Performance in flight and data obtained

This was the first scientific flight of the instrument. After launch the ascent was rather slow, which was initially a problem since the instrument got really cold when going through the tropopause, freezing some of the electronics onboard. After some time at float, however, staring at the sun, things seems to have thawed out, and started working again. The other thing of note during ascent was the remaining charge in the flight batteries. Since was spent so long on the flightline before launch, the batteries got depleted more than anticipated so the ground team started pointing in azimuth significantly before got to float, in an attempt to keep the solar panels pointed at the sun. Later it turned out a very wise action so the instrument was able to recharge the batteries.

The first hours while the balloon was in direct connection with the Kiruna base were spent trying to characterise the telescope and made some quick sky maps. Others problems arose first when the internet connection in Kiruna died (it was vital to establish connection with the CSBF Texas site wich would be the only link with the gondola after loss the line of sight link) and also an electrical storm wich occured in Palestine, which brought the link to the gondola down for some time.

At middle of the flight the ground team managed to obtain the first maps from the line-of-sight data, but they showed the sensitivity was lower than initially expected.
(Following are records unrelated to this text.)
lemma multilinear_replicate_has_derivative:
  fixes T :: "'a::real_vector list \<Rightarrow> real"
  shows "multilinear k T \<Longrightarrow> ((\<lambda>t. T (replicate k (r + t *\<^sub>R d))) has_real_derivative
     (\<Sum>j<k. T (replicate j r @ d # replicate (k - 1 - j) r))) (at 0)"
proof (induction k arbitrary: T)
  case 0
  then show ?case by simp
next
  case (Suc k)
  have lin: "linear (\<lambda>v. T (v # replicate k (r + t *\<^sub>R d)))" for t
    by (rule multilinear_linear_head[OF Suc.prems]) simp
  have split: "T (replicate (Suc k) (r + t *\<^sub>R d))
      = T (r # replicate k (r + t *\<^sub>R d)) + t * T (d # replicate k (r + t *\<^sub>R d))" for t
    using linear_add[OF lin[of t], of r "t *\<^sub>R d"] linear_scaleR_real_valued[OF lin[of t], of t d] by simp
  have d1: "((\<lambda>t. T (r # replicate k (r + t *\<^sub>R d))) has_real_derivative
      (\<Sum>j<k. T (r # replicate j r @ d # replicate (k - 1 - j) r))) (at 0)"
    using Suc.IH[OF multilinear_Cons[OF Suc.prems, of r]] by simp
  obtain S where "((\<lambda>t. T (d # replicate k (r + t *\<^sub>R d))) has_real_derivative S) (at 0)"
    using Suc.IH[OF multilinear_Cons[OF Suc.prems, of d]] by blast
  from DERIV_add[OF d1 DERIV_mult[OF DERIV_ident this]]
  have "((\<lambda>t. T (replicate (Suc k) (r + t *\<^sub>R d))) has_real_derivative
      (\<Sum>j<k. T (r # replicate j r @ d # replicate (k - 1 - j) r)) + T (d # replicate k r)) (at 0)"
    unfolding split by simp
  moreover have "(\<Sum>j<Suc k. T (replicate j r @ d # replicate (Suc k - 1 - j) r))
      = T (d # replicate k r) + (\<Sum>j<k. T (r # replicate j r @ d # replicate (k - 1 - j) r))"
    by (subst sum.lessThan_Suc_shift) simp
  ultimately show ?case by (simp add: add.commute)
qed

section \<open>General norms and the dual norm of a form\<close>

lemma is_normD:
  assumes "is_norm N"
  shows "N x \<ge> 0" "N x = 0 \<longleftrightarrow> x = 0" "N (c *\<^sub>R x) = \<bar>c\<bar> * N x" "N (x + y) \<le> N x + N y"
  using assms unfolding is_norm_def by auto

lemma is_norm_minus: "is_norm N \<Longrightarrow> N (- x) = N x"
  using is_normD(3)[of N "-1" x] by simp

lemma is_norm_diff_le: "is_norm N \<Longrightarrow> N x - N y \<le> N (x - y)"
  using is_normD(4)[of N "x - y" y] by simp

lemma is_norm_sum: assumes "is_norm N" "finite S" shows "N (\<Sum>b\<in>S. g b) \<le> (\<Sum>b\<in>S. N (g b))"
  using assms(2)
proof (induction S rule: finite_induct)
  case empty then show ?case using is_normD(2)[OF assms(1), of 0] by simp
next
  case (insert a S)
  then show ?case using is_normD(4)[OF assms(1), of "g a" "sum g S"] by simp
qed

lemma is_norm_le_norm:
  fixes N :: "'a::euclidean_space \<Rightarrow> real"
  assumes "is_norm N"
  shows "N x \<le> (\<Sum>b\<in>Basis. N b) * norm x"
proof -
  have "N x = N (\<Sum>b\<in>Basis. (x \<bullet> b) *\<^sub>R b)" by (simp add: euclidean_representation)
  also have "\<dots> \<le> (\<Sum>b\<in>Basis. N ((x \<bullet> b) *\<^sub>R b))" by (rule is_norm_sum[OF assms]) simp
  also have "\<dots> = (\<Sum>b\<in>Basis. \<bar>x \<bullet> b\<bar> * N b)" using is_normD(3)[OF assms] by simp
  also have "\<dots> \<le> (\<Sum>b\<in>Basis. norm x * N b)"
    by (intro sum_mono mult_right_mono Basis_le_norm is_normD(1)[OF assms])
  also have "\<dots> = (\<Sum>b\<in>Basis. N b) * norm x" by (subst sum_distrib_right) (simp add: mult.commute)
  finally show ?thesis .
qed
That meant that they need to control the telescope manually from the ground rather than just letting it run automatically, something specially complicated due to the network link instability.

Once over Canada the speed of the balloon remained high than expected forcing to cutting down the payload from balloon a day earlier than hoped and thus reducing the amount of data obtained. By the time the balloon reached Victoria Island the speed dropped dramatically, and the operation team in Palestine, Texas decided to delay termination allowing to find more fields to scan, but a bit later they advised the scientific team to shut down BLAST for termination as quickly as they could: the balloon had taken an unexpected turn to the south, into an area of the island full of lakes, instead of the more northerly plateau originally planned for landing. The instument was turned off at once, locked and separated immediately from the balloon.

At landing the primary mirror suffered extensive damage.

In all, BLAST acquired near 100 hours of data on Galactic targets, providing some of the first arcminute resolution images at these wavelengths. Surveys of five star forming regions were conducted, including the well-studied Cygnus-X field, three regions of intermediate/high-velocity cirrus, the Cassiopeia-A supernova remnant, and several individual bright targets.